→ Required action:
What is needed is an exact copy of every record below.

*** Opening Exercise data ***

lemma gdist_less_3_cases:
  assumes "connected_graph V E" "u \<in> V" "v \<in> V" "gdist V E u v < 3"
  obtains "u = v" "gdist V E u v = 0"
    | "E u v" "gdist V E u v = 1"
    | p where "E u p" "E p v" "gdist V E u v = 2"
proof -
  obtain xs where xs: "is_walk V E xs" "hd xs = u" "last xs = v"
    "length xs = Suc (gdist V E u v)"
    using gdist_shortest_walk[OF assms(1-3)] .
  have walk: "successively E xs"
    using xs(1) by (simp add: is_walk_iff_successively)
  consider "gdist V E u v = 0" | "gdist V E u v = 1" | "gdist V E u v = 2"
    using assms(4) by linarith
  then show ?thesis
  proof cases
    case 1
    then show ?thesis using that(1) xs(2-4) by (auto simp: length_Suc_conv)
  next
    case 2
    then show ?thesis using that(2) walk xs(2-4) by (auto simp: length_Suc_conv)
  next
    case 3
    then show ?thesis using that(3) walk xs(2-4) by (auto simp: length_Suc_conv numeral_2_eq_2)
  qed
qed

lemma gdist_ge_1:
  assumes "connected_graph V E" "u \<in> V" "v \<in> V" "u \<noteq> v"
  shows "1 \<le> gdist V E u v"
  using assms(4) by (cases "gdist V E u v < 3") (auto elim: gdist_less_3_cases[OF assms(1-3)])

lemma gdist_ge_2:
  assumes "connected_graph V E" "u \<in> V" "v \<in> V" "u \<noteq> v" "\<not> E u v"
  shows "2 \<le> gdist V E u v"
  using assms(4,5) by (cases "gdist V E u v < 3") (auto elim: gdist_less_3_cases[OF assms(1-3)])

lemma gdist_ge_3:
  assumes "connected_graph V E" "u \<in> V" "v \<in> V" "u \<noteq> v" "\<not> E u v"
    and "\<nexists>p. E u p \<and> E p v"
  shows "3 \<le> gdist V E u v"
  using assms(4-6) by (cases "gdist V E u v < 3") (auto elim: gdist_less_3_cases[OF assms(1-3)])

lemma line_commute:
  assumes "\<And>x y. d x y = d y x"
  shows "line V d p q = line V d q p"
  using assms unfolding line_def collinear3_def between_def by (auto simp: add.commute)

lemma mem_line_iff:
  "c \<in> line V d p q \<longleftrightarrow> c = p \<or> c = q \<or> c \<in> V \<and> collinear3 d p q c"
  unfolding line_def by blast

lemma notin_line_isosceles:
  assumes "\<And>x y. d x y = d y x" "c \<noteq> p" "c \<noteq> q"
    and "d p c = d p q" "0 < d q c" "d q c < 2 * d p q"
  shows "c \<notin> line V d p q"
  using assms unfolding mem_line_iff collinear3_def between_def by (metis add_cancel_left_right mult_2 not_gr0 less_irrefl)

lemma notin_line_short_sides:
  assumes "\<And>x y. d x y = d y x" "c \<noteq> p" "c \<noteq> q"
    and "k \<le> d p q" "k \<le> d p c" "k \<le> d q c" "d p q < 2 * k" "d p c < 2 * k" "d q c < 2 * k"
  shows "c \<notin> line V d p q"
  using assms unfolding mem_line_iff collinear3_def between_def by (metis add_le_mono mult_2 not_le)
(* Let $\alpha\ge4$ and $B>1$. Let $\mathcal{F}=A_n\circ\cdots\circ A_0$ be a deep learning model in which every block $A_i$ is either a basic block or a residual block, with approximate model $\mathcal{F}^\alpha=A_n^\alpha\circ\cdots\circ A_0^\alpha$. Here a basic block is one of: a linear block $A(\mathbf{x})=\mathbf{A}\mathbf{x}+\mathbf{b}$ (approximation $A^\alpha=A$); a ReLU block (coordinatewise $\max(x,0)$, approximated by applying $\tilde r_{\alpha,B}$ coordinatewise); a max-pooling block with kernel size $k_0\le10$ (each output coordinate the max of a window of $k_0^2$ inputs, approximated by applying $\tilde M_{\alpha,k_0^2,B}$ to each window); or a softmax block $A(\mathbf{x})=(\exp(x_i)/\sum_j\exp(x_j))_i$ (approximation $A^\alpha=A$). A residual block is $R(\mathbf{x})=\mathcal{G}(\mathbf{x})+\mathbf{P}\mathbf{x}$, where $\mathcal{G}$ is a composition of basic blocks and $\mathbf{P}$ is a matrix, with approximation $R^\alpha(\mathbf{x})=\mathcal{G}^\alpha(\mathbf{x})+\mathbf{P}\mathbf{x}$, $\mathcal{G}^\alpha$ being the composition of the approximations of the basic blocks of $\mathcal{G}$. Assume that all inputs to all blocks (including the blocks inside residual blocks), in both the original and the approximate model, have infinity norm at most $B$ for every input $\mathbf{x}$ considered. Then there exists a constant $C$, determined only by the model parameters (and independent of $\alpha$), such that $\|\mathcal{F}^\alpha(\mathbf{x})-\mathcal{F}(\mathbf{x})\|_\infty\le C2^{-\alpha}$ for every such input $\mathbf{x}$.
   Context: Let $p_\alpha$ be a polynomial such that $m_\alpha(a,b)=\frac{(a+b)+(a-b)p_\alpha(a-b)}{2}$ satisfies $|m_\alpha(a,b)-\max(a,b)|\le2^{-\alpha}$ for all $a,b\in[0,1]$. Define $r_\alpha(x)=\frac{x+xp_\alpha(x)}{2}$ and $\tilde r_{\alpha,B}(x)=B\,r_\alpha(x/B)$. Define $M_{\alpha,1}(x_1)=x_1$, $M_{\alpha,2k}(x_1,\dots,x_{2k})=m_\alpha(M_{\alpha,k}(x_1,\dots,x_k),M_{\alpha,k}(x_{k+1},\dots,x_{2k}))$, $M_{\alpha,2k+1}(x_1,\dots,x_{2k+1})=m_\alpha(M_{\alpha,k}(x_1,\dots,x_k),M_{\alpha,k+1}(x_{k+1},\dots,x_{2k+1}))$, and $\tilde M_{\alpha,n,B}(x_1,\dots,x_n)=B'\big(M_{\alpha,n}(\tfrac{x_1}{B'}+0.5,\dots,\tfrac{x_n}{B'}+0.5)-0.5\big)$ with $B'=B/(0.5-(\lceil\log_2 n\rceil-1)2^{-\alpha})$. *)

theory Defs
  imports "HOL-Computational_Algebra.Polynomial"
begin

*** Closing Exercise data ***

→ Answer area:
lemma gdist_less_3_cases:
  assumes "connected_graph V E" "u \<in> V" "v \<in> V" "gdist V E u v < 3"
  obtains "u = v" "gdist V E u v = 0"
    | "E u v" "gdist V E u v = 1"
    | p where "E u p" "E p v" "gdist V E u v = 2"
proof -
  obtain xs where xs: "is_walk V E xs" "hd xs = u" "last xs = v"
    "length xs = Suc (gdist V E u v)"
    using gdist_shortest_walk[OF assms(1-3)] .
  have walk: "successively E xs"
    using xs(1) by (simp add: is_walk_iff_successively)
  consider "gdist V E u v = 0" | "gdist V E u v = 1" | "gdist V E u v = 2"
    using assms(4) by linarith
  then show ?thesis
  proof cases
    case 1
    then show ?thesis using that(1) xs(2-4) by (auto simp: length_Suc_conv)
  next
    case 2
    then show ?thesis using that(2) walk xs(2-4) by (auto simp: length_Suc_conv)
  next
    case 3
    then show ?thesis using that(3) walk xs(2-4) by (auto simp: length_Suc_conv numeral_2_eq_2)
  qed
qed

lemma gdist_ge_1:
  assumes "connected_graph V E" "u \<in> V" "v \<in> V" "u \<noteq> v"
  shows "1 \<le> gdist V E u v"
  using assms(4) by (cases "gdist V E u v < 3") (auto elim: gdist_less_3_cases[OF assms(1-3)])

lemma gdist_ge_2:
  assumes "connected_graph V E" "u \<in> V" "v \<in> V" "u \<noteq> v" "\<not> E u v"
  shows "2 \<le> gdist V E u v"
  using assms(4,5) by (cases "gdist V E u v < 3") (auto elim: gdist_less_3_cases[OF assms(1-3)])

lemma gdist_ge_3:
  assumes "connected_graph V E" "u \<in> V" "v \<in> V" "u \<noteq> v" "\<not> E u v"
    and "\<nexists>p. E u p \<and> E p v"
  shows "3 \<le> gdist V E u v"
  using assms(4-6) by (cases "gdist V E u v < 3") (auto elim: gdist_less_3_cases[OF assms(1-3)])

lemma line_commute:
  assumes "\<And>x y. d x y = d y x"
  shows "line V d p q = line V d q p"
  using assms unfolding line_def collinear3_def between_def by (auto simp: add.commute)

lemma mem_line_iff:
  "c \<in> line V d p q \<longleftrightarrow> c = p \<or> c = q \<or> c \<in> V \<and> collinear3 d p q c"
  unfolding line_def by blast

lemma notin_line_isosceles:
  assumes "\<And>x y. d x y = d y x" "c \<noteq> p" "c \<noteq> q"
    and "d p c = d p q" "0 < d q c" "d q c < 2 * d p q"
  shows "c \<notin> line V d p q"
  using assms unfolding mem_line_iff collinear3_def between_def by (metis add_cancel_left_right mult_2 not_gr0 less_irrefl)

lemma notin_line_short_sides:
  assumes "\<And>x y. d x y = d y x" "c \<noteq> p" "c \<noteq> q"
    and "k \<le> d p q" "k \<le> d p c" "k \<le> d q c" "d p q < 2 * k" "d p c < 2 * k" "d q c < 2 * k"
  shows "c \<notin> line V d p q"
  using assms unfolding mem_line_iff collinear3_def between_def by (metis add_le_mono mult_2 not_le)
(* Let $\alpha\ge4$ and $B>1$. Let $\mathcal{F}=A_n\circ\cdots\circ A_0$ be a deep learning model in which every block $A_i$ is either a basic block or a residual block, with approximate model $\mathcal{F}^\alpha=A_n^\alpha\circ\cdots\circ A_0^\alpha$. Here a basic block is one of: a linear block $A(\mathbf{x})=\mathbf{A}\mathbf{x}+\mathbf{b}$ (approximation $A^\alpha=A$); a ReLU block (coordinatewise $\max(x,0)$, approximated by applying $\tilde r_{\alpha,B}$ coordinatewise); a max-pooling block with kernel size $k_0\le10$ (each output coordinate the max of a window of $k_0^2$ inputs, approximated by applying $\tilde M_{\alpha,k_0^2,B}$ to each window); or a softmax block $A(\mathbf{x})=(\exp(x_i)/\sum_j\exp(x_j))_i$ (approximation $A^\alpha=A$). A residual block is $R(\mathbf{x})=\mathcal{G}(\mathbf{x})+\mathbf{P}\mathbf{x}$, where $\mathcal{G}$ is a composition of basic blocks and $\mathbf{P}$ is a matrix, with approximation $R^\alpha(\mathbf{x})=\mathcal{G}^\alpha(\mathbf{x})+\mathbf{P}\mathbf{x}$, $\mathcal{G}^\alpha$ being the composition of the approximations of the basic blocks of $\mathcal{G}$. Assume that all inputs to all blocks (including the blocks inside residual blocks), in both the original and the approximate model, have infinity norm at most $B$ for every input $\mathbf{x}$ considered. Then there exists a constant $C$, determined only by the model parameters (and independent of $\alpha$), such that $\|\mathcal{F}^\alpha(\mathbf{x})-\mathcal{F}(\mathbf{x})\|_\infty\le C2^{-\alpha}$ for every such input $\mathbf{x}$.
   Context: Let $p_\alpha$ be a polynomial such that $m_\alpha(a,b)=\frac{(a+b)+(a-b)p_\alpha(a-b)}{2}$ satisfies $|m_\alpha(a,b)-\max(a,b)|\le2^{-\alpha}$ for all $a,b\in[0,1]$. Define $r_\alpha(x)=\frac{x+xp_\alpha(x)}{2}$ and $\tilde r_{\alpha,B}(x)=B\,r_\alpha(x/B)$. Define $M_{\alpha,1}(x_1)=x_1$, $M_{\alpha,2k}(x_1,\dots,x_{2k})=m_\alpha(M_{\alpha,k}(x_1,\dots,x_k),M_{\alpha,k}(x_{k+1},\dots,x_{2k}))$, $M_{\alpha,2k+1}(x_1,\dots,x_{2k+1})=m_\alpha(M_{\alpha,k}(x_1,\dots,x_k),M_{\alpha,k+1}(x_{k+1},\dots,x_{2k+1}))$, and $\tilde M_{\alpha,n,B}(x_1,\dots,x_n)=B'\big(M_{\alpha,n}(\tfrac{x_1}{B'}+0.5,\dots,\tfrac{x_n}{B'}+0.5)-0.5\big)$ with $B'=B/(0.5-(\lceil\log_2 n\rceil-1)2^{-\alpha})$. *)

theory Defs
  imports "HOL-Computational_Algebra.Polynomial"
begin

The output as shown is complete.